__Data to examine__:
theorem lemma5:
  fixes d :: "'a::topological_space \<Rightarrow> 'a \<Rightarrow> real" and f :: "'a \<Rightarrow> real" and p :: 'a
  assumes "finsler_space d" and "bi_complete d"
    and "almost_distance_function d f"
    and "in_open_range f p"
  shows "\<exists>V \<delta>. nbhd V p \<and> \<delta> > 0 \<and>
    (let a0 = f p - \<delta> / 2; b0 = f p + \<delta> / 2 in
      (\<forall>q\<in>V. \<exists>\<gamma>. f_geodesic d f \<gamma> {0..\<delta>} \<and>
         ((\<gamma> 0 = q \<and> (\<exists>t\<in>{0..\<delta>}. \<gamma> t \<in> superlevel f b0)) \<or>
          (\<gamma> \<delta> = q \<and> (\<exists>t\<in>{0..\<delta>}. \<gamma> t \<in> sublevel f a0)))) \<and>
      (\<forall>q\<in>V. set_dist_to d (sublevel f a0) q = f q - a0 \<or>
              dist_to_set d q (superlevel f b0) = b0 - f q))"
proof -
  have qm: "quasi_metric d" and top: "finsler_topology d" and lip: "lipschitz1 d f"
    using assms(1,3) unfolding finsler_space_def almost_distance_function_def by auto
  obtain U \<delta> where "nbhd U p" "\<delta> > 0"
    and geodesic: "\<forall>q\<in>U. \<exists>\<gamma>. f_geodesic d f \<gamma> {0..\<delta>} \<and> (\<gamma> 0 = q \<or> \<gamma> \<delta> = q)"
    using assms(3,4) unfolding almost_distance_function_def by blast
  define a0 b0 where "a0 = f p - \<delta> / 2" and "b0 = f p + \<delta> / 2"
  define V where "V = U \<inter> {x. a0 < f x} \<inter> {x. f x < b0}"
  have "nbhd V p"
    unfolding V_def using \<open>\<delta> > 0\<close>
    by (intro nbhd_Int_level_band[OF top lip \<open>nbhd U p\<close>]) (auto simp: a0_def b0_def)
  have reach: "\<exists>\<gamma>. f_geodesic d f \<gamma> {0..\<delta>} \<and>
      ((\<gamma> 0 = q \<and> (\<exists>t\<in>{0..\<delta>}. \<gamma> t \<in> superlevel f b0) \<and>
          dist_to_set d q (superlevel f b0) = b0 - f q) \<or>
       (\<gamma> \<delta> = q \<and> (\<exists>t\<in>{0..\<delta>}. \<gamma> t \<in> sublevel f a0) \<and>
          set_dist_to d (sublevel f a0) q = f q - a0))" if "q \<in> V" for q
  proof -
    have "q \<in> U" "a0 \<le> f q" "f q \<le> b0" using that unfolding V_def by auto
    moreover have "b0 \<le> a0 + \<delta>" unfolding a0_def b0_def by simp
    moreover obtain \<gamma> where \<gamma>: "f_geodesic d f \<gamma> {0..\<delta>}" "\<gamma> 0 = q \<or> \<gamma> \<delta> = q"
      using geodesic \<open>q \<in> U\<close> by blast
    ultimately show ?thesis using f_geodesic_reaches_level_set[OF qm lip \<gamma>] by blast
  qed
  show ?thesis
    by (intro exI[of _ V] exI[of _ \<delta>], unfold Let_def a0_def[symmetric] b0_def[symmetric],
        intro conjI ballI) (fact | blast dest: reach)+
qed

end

--

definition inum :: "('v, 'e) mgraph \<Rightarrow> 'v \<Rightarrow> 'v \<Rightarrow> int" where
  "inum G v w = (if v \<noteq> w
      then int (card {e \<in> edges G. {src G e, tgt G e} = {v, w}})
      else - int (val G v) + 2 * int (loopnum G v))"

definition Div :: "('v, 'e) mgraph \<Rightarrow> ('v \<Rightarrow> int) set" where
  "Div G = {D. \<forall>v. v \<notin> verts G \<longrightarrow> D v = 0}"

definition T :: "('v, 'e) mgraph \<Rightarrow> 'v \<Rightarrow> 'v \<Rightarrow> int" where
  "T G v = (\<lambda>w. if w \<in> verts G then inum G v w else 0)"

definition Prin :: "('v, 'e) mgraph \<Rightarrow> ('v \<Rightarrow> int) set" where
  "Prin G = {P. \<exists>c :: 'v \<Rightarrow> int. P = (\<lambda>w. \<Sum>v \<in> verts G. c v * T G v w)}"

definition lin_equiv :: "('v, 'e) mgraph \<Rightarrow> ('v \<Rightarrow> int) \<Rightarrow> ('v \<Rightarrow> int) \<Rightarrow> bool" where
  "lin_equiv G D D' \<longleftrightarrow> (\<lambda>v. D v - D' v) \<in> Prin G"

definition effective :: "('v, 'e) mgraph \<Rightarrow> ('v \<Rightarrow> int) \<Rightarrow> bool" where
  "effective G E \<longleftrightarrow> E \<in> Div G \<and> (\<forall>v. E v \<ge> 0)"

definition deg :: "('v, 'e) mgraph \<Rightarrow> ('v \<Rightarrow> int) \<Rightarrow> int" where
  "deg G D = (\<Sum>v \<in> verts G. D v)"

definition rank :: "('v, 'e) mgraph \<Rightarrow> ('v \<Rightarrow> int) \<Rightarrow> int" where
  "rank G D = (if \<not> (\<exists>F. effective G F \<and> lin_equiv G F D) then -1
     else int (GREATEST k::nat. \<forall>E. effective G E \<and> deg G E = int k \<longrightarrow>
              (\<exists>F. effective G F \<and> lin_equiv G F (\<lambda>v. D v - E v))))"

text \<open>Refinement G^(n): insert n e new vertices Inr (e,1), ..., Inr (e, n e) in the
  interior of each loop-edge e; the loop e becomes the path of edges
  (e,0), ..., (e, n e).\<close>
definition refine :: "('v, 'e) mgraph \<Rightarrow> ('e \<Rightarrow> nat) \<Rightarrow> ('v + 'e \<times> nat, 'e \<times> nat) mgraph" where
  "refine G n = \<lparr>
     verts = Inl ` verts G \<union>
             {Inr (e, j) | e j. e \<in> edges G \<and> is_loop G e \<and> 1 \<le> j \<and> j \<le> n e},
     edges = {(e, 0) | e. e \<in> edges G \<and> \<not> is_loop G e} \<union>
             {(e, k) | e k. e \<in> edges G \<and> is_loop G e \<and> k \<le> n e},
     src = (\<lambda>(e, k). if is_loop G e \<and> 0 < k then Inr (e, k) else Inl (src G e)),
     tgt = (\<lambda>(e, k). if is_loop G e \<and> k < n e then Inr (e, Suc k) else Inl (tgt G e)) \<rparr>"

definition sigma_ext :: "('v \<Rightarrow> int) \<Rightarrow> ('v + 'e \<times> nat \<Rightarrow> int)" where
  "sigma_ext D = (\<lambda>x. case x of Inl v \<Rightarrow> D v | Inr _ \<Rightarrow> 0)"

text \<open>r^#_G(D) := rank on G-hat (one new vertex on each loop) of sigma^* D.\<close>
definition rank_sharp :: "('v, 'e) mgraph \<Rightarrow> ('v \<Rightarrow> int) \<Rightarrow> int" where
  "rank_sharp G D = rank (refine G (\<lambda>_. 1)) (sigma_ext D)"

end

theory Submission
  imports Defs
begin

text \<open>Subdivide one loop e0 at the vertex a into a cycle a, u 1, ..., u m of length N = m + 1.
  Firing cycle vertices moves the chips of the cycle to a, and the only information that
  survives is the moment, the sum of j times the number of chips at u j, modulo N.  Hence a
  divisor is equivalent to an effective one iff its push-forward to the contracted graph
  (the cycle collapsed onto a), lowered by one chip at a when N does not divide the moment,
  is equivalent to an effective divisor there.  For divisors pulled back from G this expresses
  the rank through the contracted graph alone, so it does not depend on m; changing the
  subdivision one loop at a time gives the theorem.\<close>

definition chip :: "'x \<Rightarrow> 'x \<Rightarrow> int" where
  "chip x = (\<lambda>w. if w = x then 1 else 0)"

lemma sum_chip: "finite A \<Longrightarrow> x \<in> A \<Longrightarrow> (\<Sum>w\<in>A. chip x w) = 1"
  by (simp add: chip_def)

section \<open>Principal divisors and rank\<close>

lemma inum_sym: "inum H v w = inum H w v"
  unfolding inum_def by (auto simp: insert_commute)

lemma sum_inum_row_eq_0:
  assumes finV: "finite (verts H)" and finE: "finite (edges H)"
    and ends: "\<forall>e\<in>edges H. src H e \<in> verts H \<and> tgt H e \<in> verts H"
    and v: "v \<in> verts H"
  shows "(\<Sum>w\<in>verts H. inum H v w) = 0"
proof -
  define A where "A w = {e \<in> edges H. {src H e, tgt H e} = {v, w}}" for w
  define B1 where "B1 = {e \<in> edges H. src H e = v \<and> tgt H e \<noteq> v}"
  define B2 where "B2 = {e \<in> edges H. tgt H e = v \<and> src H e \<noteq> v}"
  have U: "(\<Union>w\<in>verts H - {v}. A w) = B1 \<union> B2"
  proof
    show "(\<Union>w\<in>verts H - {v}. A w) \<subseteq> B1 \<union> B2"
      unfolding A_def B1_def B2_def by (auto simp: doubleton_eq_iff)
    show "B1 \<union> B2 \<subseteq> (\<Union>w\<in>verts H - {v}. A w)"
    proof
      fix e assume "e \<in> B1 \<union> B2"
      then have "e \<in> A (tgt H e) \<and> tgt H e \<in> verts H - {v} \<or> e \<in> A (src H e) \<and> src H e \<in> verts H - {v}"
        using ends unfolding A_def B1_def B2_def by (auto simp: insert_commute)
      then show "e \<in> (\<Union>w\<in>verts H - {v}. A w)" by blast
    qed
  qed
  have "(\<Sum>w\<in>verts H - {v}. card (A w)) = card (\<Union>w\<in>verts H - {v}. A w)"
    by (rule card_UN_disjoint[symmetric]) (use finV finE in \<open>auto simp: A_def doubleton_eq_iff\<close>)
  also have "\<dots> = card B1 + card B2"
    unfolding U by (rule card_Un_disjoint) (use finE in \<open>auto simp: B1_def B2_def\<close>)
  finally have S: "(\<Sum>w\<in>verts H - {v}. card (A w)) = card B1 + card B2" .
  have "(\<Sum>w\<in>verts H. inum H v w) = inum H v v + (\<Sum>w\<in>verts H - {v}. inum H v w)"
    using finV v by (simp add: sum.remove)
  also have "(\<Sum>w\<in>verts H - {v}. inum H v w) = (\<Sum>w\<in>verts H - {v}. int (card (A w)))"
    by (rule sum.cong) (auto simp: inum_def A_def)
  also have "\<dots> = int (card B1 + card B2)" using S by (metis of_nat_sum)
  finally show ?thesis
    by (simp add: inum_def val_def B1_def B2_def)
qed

==

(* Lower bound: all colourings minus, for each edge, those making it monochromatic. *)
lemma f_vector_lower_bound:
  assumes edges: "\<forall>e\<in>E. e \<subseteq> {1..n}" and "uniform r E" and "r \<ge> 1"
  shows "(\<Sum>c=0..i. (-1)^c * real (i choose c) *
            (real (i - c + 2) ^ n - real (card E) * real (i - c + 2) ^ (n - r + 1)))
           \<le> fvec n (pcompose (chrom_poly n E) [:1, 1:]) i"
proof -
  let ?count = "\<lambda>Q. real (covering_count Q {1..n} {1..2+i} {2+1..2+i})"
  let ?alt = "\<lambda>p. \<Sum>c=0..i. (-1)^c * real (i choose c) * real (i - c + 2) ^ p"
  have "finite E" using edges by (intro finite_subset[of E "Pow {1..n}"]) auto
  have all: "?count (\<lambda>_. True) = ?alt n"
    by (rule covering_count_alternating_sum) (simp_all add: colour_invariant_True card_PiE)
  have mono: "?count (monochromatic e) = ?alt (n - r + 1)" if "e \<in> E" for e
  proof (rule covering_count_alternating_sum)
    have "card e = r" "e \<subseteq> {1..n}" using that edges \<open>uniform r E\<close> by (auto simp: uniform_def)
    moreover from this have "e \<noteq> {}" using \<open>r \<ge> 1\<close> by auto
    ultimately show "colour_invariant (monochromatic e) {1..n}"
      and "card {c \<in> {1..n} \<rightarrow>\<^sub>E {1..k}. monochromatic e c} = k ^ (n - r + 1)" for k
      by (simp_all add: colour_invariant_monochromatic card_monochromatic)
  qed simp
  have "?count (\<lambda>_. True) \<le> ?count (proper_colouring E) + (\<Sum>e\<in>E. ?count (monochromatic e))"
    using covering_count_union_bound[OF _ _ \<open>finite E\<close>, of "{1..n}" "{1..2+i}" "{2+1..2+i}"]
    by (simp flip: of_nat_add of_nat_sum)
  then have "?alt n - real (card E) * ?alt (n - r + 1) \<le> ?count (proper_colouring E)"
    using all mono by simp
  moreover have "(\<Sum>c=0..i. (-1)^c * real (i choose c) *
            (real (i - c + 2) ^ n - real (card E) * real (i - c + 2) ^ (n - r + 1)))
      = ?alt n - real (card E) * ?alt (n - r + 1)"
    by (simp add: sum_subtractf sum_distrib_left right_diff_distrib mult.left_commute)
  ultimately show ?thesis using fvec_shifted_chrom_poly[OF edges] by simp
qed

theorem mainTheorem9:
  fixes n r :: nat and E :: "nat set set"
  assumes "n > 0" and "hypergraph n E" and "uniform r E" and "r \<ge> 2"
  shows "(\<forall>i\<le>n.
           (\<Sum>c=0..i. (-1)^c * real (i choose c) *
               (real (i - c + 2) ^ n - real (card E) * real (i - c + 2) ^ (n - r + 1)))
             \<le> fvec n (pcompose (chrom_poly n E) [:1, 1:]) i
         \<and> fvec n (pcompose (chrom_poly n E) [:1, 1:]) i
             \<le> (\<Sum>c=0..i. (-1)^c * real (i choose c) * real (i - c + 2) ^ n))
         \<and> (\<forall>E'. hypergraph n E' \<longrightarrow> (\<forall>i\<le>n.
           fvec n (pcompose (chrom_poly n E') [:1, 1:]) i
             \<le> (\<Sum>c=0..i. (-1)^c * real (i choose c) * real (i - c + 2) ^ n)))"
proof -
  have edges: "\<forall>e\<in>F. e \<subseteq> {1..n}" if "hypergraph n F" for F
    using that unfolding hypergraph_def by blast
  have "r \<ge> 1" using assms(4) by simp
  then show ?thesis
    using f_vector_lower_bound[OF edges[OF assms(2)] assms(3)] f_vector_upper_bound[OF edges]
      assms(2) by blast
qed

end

__What you are asked to do__:
Produce the number of lines in the data containing the string "theorem", with nothing added.

__Written answer__:
3